Оглавление всегда одинаково:
Безработица. Уменьшение заработков. Угрюмый демонстрационный митинг. С митинга, через город, шествие с «Интернационалом».
Провоцировала полиция. Осаждала в боковых переулках, резиновыми палками избивала в кровь. Затоптанная мостовая плюнула ей навстречу градом булыжников.
Атаковала озверелая солдатня. Залпом вымостила улицу новой, неутрамбованной мостовой. В ответ каменные челюсти улицы оскалились зубьями баррикад.

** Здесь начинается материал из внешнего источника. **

lemma left_partner_second_site:
  assumes b: "es \<in> supp_elems l" and Lp: "left_partner s0 l j (basis_word L j es)"
    and single: "single_fermion (es ! 0)" and second: "q ! 1 \<noteq> (Im, Im)"
  shows "fermionic (factor_at (basis_word L j es) (mode L (Suc i) s0))"
    and "factor_at probe (mode L (Suc i) s0) \<noteq> Im"
proof -
  let ?B = "basis_word L j es"
  have j: "j = Suc i mod L" and nu: "factor_at ?B (mode L (Suc i) s0) \<noteq> Im"
    and agree: "\<And>m. m \<noteq> mode L i s0 \<Longrightarrow> m \<noteq> mode L (Suc i) s0 \<Longrightarrow> factor_at ?B m = factor_at probe m"
    and len: "length es = k"
    using Lp supp_elems_length[OF b] by (auto simp: left_partner_def)
  have first: "factor_at ?B (mode L (Suc i) s) = at_spin s (es ! 0)" for s
    using factor_at_basis_word[of 0 es L j s] len j ring by (simp add: mode_eq_iff)
  obtain s1 where s1: "s1 \<noteq> s0" by (metis spin.distinct)
  have "fermionic (factor_at ?B (mode L (Suc i) s0))" and empty: "factor_at ?B (mode L (Suc i) s1) = Im"
    using single nu first[of s0] first[of s1] s1
    by (cases s0; cases s1; auto simp: single_fermion_def)+
  then show "fermionic (factor_at ?B (mode L (Suc i) s0))" by simp
  have "mode L (Suc i) s1 \<noteq> mode L i s0" "mode L (Suc i) s1 \<noteq> mode L (Suc i) s0"
    using mode_site_eq_iff[of 1 0 L i] s1 ring by (auto simp: mode_eq_iff)
  then have "at_spin s1 (q ! 1) = Im"
    using agree empty factor_at_probe_first_sites(2) by metis
  with second s1 have "at_spin s0 (q ! 1) \<noteq> Im"
    by (cases s0; cases s1) (auto simp: pair_eq_Im_Im_iff)
  then show "factor_at probe (mode L (Suc i) s0) \<noteq> Im" using factor_at_probe_first_sites(2) by simp
qed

Была бойня. Липкая бурая кровь на тротуарах. Заваленные людьми грузовики. И толпа в несколько десятков тысяч человек – как вычеркнутое из баланса число, вынесенное на поля, за серую неприступную ограду.
Передавали баснословные цифры. Тюрьмы не в состоянии были вместить слишком обильный улов. В тюрьму Санте упаковали будто бы пятнадцать тысяч человек. В тюрьме Френ было их, по слухам, еще больше. Тюремные здания оцепили воинскими частями. В камерах, предназначенных для одного человека, спало вповалку на полу человек пятнадцать. Во избежание беспорядков тюремные прогулки стали производиться партиями, в разное время дня.
Из камеры в камеру, тысячью неутомимых дятлов, днем и ночью стучал тюремный телеграф.
Втиснутые в общие камеры заключенные требовали перевода на политический режим. Тюремное начальство требование отклонило. Заключенные ответили голодовкой.
Ежедневно, зажатый в свой угол, насторожившись, как еж, выхлебывая свою порцию супа и заедая ее жадно хлебом, Пьер чувствовал на себе пятнадцать пар невеселых стальных глаз, расширенных атропином голода; под их взглядом вкусный ломоть тюремного хлеба комом застревал у него в горле, а густой суп остывал в судке, заволакиваясь географической картой навара.
Издали, как сквозь стеклянную стенку, до него долетали длинные ночные беседы. Слова, обтесанные, как глыбы, росли, – через минуту высилось уже мощное здание.